I find that the first 25 minutes of "Yoga X", which is part of the "P90x" program are really good. I have super tight hips and lower back and the first 25 minutes open them right up.
posted by aeighty at 8:05 AM on August 25, 2015

I've been doing yoga regularly for just over two years now. I too would recommend finding some in-person classes to get started. I do use videos at home too, but the class work I've done has helped me understand certain poses better, so I work with them better when they come up in videos. Also, videos can get you in a rut of doing the same things over and over, while classes will bring variation, which is important to have from time to time.

Some video resources I've liked:
Broga Yoga - cheesy name, I know, they're trying to build a brand of "yoga for guys," but they have a lot of short videos out on YouTube and Vimeo, that combine traditional yoga with some more standard calesthenics. Sometimes they run "30 day" programs where, for free, they will email you link to a daily short workout video, sometimes slow and stretchy, sometimes more active.

Dylan Werner's "Yoga Strength Basics for Beginners" - despite "Beginners" in the name, I wouldn't suggest these routines for total newbies. Werner is an amazingly advanced yoga practitioner, but while these videos are great at focusing on specific core areas of yoga (shoulder/arm strength, hip flexibility, spine, etc.), I feel like there are times where he's a bit slow to call out modifications to make certain things simpler. (I remember I was following one of these, and he calls for a certain seated twisting pose which my hips just cannot do and I knew it, but in the video he doesn't suggest the option of keeping one leg straight instead.) My opinion is these are really good if you've already got a little experience so you've got an idea what your body can and can't do at this time. Otherwise I think these are a lot of what you're looking for. The routines are each about 20-25 minutes long. (There's a second set, "Beginner Yoga Strength Classes" - if you buy both sets together it's a little cheaper.)
posted by dnash at 9:00 AM on August 25, 2015

If you don't mind spending a nominal fee, I highly recommend Dirty Yoga. I've taken in person classes off and on for years; Dirty Yoga does an excellent job explaining everything, is easy to follow, and very non-woo. I have a baby so I haven't signed up, I just keep buying access to the prep course which is move at your own pace ($15/mo).
posted by jrobin276 at 8:02 PM on August 25, 2015

Best answer: If you are looking to be limber...as a way to ease into it I would probably just do a bunch of sun salutations (say 6 sets, since you will lunge with either your left or right leg on each set and want it balanced) every morning. Downward-facing dog is a superb movement, especially if you kind of bounce around and really stretch out those shoulder joints. On the lunge you want to really crack those hips open, but don't force it all at once, the flexibility will come slowly.

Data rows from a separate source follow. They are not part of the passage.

(* For all $t\in\mathbb R$ and all $0<z\le\varepsilon\le\infty$, $$\sum_{k=1}^n|f_k(t)-1|^2\le t^4\Big[\frac z2\sup_{0<x\le\varepsilon}xL_n(x)+\frac14\sum_{k=1}^n\sigma_k^2\sigma_k^2(z)\Big]\le t^4\Big[\frac z2\sup_{0<x\le\varepsilon}xL_n(x)+\frac{\alpha(\varepsilon)}{4z}\sup_{0<x\le\varepsilon}\big(xL_n(x)\big)^{5/3}\Big].$$
   Context: $X_1,\dots,X_n$ are independent real random variables with $\mathbb E X_k=0$, $\sigma_k^2=\mathbb E X_k^2<\infty$, normalized so that $\sum_k\sigma_k^2=1$; $f_k(t)=\mathbb E e^{itX_k}$; $\sigma_k^2(z)=\mathbb E X_k^2\mathbf 1(|X_k|\ge z)$ and $L_n(z)=\sum_k\sigma_k^2(z)$ for $z\ge0$. For $\varepsilon\in(0,\infty]$, $\alpha(\varepsilon)=\inf_{0<x<\min\{\varepsilon,1\}}(x-x^3)^{-2/3}$, i.e. $(\varepsilon-\varepsilon^3)^{-2/3}$ if $\varepsilon\le3^{-1/2}$ and $3\cdot2^{-2/3}$ otherwise. *)

theory Defs
  imports "HOL-Probability.Probability"
begin

definition alpha :: "ereal \<Rightarrow> real" where
  "alpha \<epsilon> = Inf {(x - x ^ 3) powr (-(2/3)) | x::real. 0 < x \<and> ereal x < \<epsilon> \<and> x < 1}"

end

theory Submission
  imports Defs
begin

(*
  Each |f_k(t) - 1| is at most t^2 sigma_k^2 / 2, so the left-hand side is at most
  t^4/4 * sum_k sigma_k^4, and sigma_k^4 = sigma_k^2 (sigma_k^2 - sigma_k^2(z)) + sigma_k^2 sigma_k^2(z).

  For the first part, sigma^2 - sigma^2(z) <= E min(X^2, z^2) = int_0^z 2y P(|X| >= y) dy, and
  sigma^2 P(|X| >= y) <= sigma^2(y); summing over k bounds it by int_0^z 2y L_n(y) dy, hence by
  2z sup x L_n(x).

  For the second part, put s = sup x L_n(x) over 0 < x <= eps. Since sigma_k^2 - x^2 <= sigma_k^2(x)
  <= L_n(x), we get x (sigma_k^2 - x^2) <= s; choosing x = sigma_k u with 0 < u < min(eps, 1) gives
  sigma_k^3 (u - u^3) <= s, i.e. sigma_k^2 <= alpha(eps) s^(2/3). Together with L_n(z) <= s/z this
  bounds sum_k sigma_k^2 sigma_k^2(z) by alpha(eps)/z * s^(5/3).
*)

lemma (in prob_space) char_distr_minus_one_le:
  fixes X :: "'a \<Rightarrow> real"
  assumes [measurable]: "X \<in> borel_measurable M" and i1: "integrable M X"
    and i2: "integrable M (\<lambda>\<omega>. (X \<omega>)\<^sup>2)" and "expectation X = 0"
  shows "cmod (char (distr M borel X) t - 1) \<le> t\<^sup>2 / 2 * expectation (\<lambda>\<omega>. (X \<omega>)\<^sup>2)"
proof -
  have integ_iexp: "integrable M (\<lambda>\<omega>. iexp (t * X \<omega>))"
    by (intro integrable_const_bound[of _ 1]) auto
  have integ_lin: "integrable M (\<lambda>\<omega>. 1 + \<i> * complex_of_real (t * X \<omega>))"
    using i1 by (intro Bochner_Integration.integrable_add integrable_mult_right integrable_of_real) auto
  have "char (distr M borel X) t - 1 = (CLINT \<omega>|M. iexp (t * X \<omega>) - (1 + \<i> * complex_of_real (t * X \<omega>)))"
    using integ_iexp integ_lin i1 \<open>expectation X = 0\<close>
    by (simp add: char_def integral_distr Bochner_Integration.integral_diff
        Bochner_Integration.integral_add integral_mult_right_zero prob_space)
  also have "cmod \<dots> \<le> expectation (\<lambda>\<omega>. cmod (iexp (t * X \<omega>) - (1 + \<i> * complex_of_real (t * X \<omega>))))"
    by (rule integral_norm_bound)
  also have "\<dots> \<le> expectation (\<lambda>\<omega>. t\<^sup>2 / 2 * (X \<omega>)\<^sup>2)"
  proof (rule integral_mono)
    show "integrable M (\<lambda>\<omega>. cmod (iexp (t * X \<omega>) - (1 + \<i> * complex_of_real (t * X \<omega>))))"
      by (intro integrable_norm Bochner_Integration.integrable_diff integ_iexp integ_lin)
    show "integrable M (\<lambda>\<omega>. t\<^sup>2 / 2 * (X \<omega>)\<^sup>2)"
      using i2 by (rule integrable_mult_right)
    fix \<omega>
    show "cmod (iexp (t * X \<omega>) - (1 + \<i> * complex_of_real (t * X \<omega>))) \<le> t\<^sup>2 / 2 * (X \<omega>)\<^sup>2"
      using iexp_approx1[of "t * X \<omega>" 1] by (simp add: numeral_2_eq_2 power_mult_distrib field_simps)
  qed
  finally show ?thesis
    by simp
qed

lemma (in prob_space) sum_char_distr_minus_one_sq_le:
  fixes X :: "'i \<Rightarrow> 'a \<Rightarrow> real"
  assumes "\<And>k. k \<in> K \<Longrightarrow> X k \<in> borel_measurable M" and "\<And>k. k \<in> K \<Longrightarrow> integrable M (X k)"
    and "\<And>k. k \<in> K \<Longrightarrow> integrable M (\<lambda>\<omega>. (X k \<omega>)\<^sup>2)" and "\<And>k. k \<in> K \<Longrightarrow> expectation (X k) = 0"
  shows "(\<Sum>k\<in>K. (cmod (char (distr M borel (X k)) t - 1))\<^sup>2)
    \<le> t ^ 4 / 4 * (\<Sum>k\<in>K. (expectation (\<lambda>\<omega>. (X k \<omega>)\<^sup>2))\<^sup>2)"
proof -
  have "(\<Sum>k\<in>K. (cmod (char (distr M borel (X k)) t - 1))\<^sup>2)
      \<le> (\<Sum>k\<in>K. (t\<^sup>2 / 2 * expectation (\<lambda>\<omega>. (X k \<omega>)\<^sup>2))\<^sup>2)"
    using char_distr_minus_one_le[OF assms] by (intro sum_mono power_mono) auto
  then show ?thesis
    by (simp add: sum_distrib_left power_mult_distrib power_divide flip: power_mult)
qed

definition tail_moment :: "'a measure \<Rightarrow> ('a \<Rightarrow> real) \<Rightarrow> real \<Rightarrow> real" where
  "tail_moment M X y = (\<integral>\<omega>. (X \<omega>)\<^sup>2 * indicator {\<omega>. y \<le> \<bar>X \<omega>\<bar>} \<omega> \<partial>M)"

lemma tail_moment_nonneg: "0 \<le> tail_moment M X y"
  unfolding tail_moment_def by simp

lemma integrable_sq_indicator:
  fixes X :: "'a \<Rightarrow> real"
  assumes [measurable]: "X \<in> borel_measurable M" "Measurable.pred M Q"
    and "integrable M (\<lambda>\<omega>. (X \<omega>)\<^sup>2)"
  shows "integrable M (\<lambda>\<omega>. (X \<omega>)\<^sup>2 * indicator {\<omega>. Q \<omega>} \<omega>)"
  by (rule Bochner_Integration.integrable_bound[OF assms(3)]) (auto simp: indicator_def)

lemma second_moment_eq_truncated_plus_tail:
  fixes X :: "'a \<Rightarrow> real"
  assumes [measurable]: "X \<in> borel_measurable M" and "integrable M (\<lambda>\<omega>. (X \<omega>)\<^sup>2)"
  shows "(\<integral>\<omega>. (X \<omega>)\<^sup>2 \<partial>M)
    = (\<integral>\<omega>. (X \<omega>)\<^sup>2 * indicator {\<omega>. \<bar>X \<omega>\<bar> < y} \<omega> \<partial>M) + tail_moment M X y"
proof -
  have "(\<lambda>\<omega>. (X \<omega>)\<^sup>2) = (\<lambda>\<omega>. (X \<omega>)\<^sup>2 * indicator {\<omega>. \<bar>X \<omega>\<bar> < y} \<omega>
      + (X \<omega>)\<^sup>2 * indicator {\<omega>. y \<le> \<bar>X \<omega>\<bar>} \<omega>)"
    by (auto simp: fun_eq_iff indicator_def)
  moreover have "integrable M (\<lambda>\<omega>. (X \<omega>)\<^sup>2 * indicator {\<omega>. \<bar>X \<omega>\<bar> < y} \<omega>)"
    "integrable M (\<lambda>\<omega>. (X \<omega>)\<^sup>2 * indicator {\<omega>. y \<le> \<bar>X \<omega>\<bar>} \<omega>)"
    by (rule integrable_sq_indicator[OF assms(1) _ assms(2)], measurable)+
  ultimately show ?thesis
    unfolding tail_moment_def by (simp add: Bochner_Integration.integral_add)
qed

lemma borel_measurable_tail_moment:
  fixes X :: "'a \<Rightarrow> real"
  assumes [measurable]: "X \<in> borel_measurable M" and "sigma_finite_measure M"
  shows "tail_moment M X \<in> borel_measurable borel"
proof -
  have "(\<lambda>(y, \<omega>). (X \<omega>)\<^sup>2 * indicator {\<omega>. y \<le> \<bar>X \<omega>\<bar>} \<omega>)
      = (\<lambda>(y :: real, \<omega>). if y \<le> \<bar>X \<omega>\<bar> then (X \<omega>)\<^sup>2 else 0)"
    by (auto simp: fun_eq_iff)
  then have "(\<lambda>(y :: real, \<omega>). (X \<omega>)\<^sup>2 * indicator {\<omega>. y \<le> \<bar>X \<omega>\<bar>} \<omega>)
      \<in> borel_measurable (borel \<Otimes>\<^sub>M M)"
    by simp
  then show ?thesis
    unfolding tail_moment_def[abs_def] using assms(2)
    by (intro sigma_finite_measure.borel_measurable_lebesgue_integral)
qed

lemma tail_moment_le_second_moment:
  fixes X :: "'a \<Rightarrow> real"
  assumes "X \<in> borel_measurable M" and "integrable M (\<lambda>\<omega>. (X \<omega>)\<^sup>2)"
  shows "tail_moment M X y \<le> (\<integral>\<omega>. (X \<omega>)\<^sup>2 \<partial>M)"
  using second_moment_eq_truncated_plus_tail[OF assms, of y] by simp

lemma second_moment_minus_tail_le_min:
  fixes X :: "'a \<Rightarrow> real"
  assumes [measurable]: "X \<in> borel_measurable M" and i2: "integrable M (\<lambda>\<omega>. (X \<omega>)\<^sup>2)"
    and "0 \<le> y"
  shows "(\<integral>\<omega>. (X \<omega>)\<^sup>2 \<partial>M) - tail_moment M X y \<le> (\<integral>\<omega>. min ((X \<omega>)\<^sup>2) (y\<^sup>2) \<partial>M)"
proof -
  have "(\<integral>\<omega>. (X \<omega>)\<^sup>2 * indicator {\<omega>. \<bar>X \<omega>\<bar> < y} \<omega> \<partial>M) \<le> (\<integral>\<omega>. min ((X \<omega>)\<^sup>2) (y\<^sup>2) \<partial>M)"
  proof (rule integral_mono)
    show "integrable M (\<lambda>\<omega>. (X \<omega>)\<^sup>2 * indicator {\<omega>. \<bar>X \<omega>\<bar> < y} \<omega>)"
      by (rule integrable_sq_indicator[OF assms(1) _ i2]) measurable
    show "integrable M (\<lambda>\<omega>. min ((X \<omega>)\<^sup>2) (y\<^sup>2))"
      by (rule Bochner_Integration.integrable_bound[OF i2]) auto
    show "(X \<omega>)\<^sup>2 * indicator {\<omega>. \<bar>X \<omega>\<bar> < y} \<omega> \<le> min ((X \<omega>)\<^sup>2) (y\<^sup>2)" for \<omega>
      using \<open>0 \<le> y\<close> by (auto simp: indicator_def power2_le_iff_abs_le)
  qed
  then show ?thesis
    using second_moment_eq_truncated_plus_tail[OF assms(1,2), of y] by simp
qed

And since you are using it as a flexibility routine rather than a yoga routine, I wouldn't worry over-much about whether you should be breathing in or out. If you are unconditioned, you may actually find yourself huffing and puffing a little bit, and that's totally fine!

Protip: employ Pavel's "Relax Into Stretch" approach with the movements (the book bearing that name is highly recommended!), and you'll probably find you're a lot more flexible than you thought you were (though probably not as flexible as you could be)! Breathe in (slowly, through the nose) as you start the stretch, then as you breathe out (slowly, through the mouth) you apply slight pressure to the stretch and will find that you suddenly get an extra degree of movement.
posted by turbid dahlia at 8:50 PM on August 25, 2015

Seconding yoga studio. Great interface, good content. I try and do 15 mins every morning, (although the instructor annoys me with how much stretchier she is than me).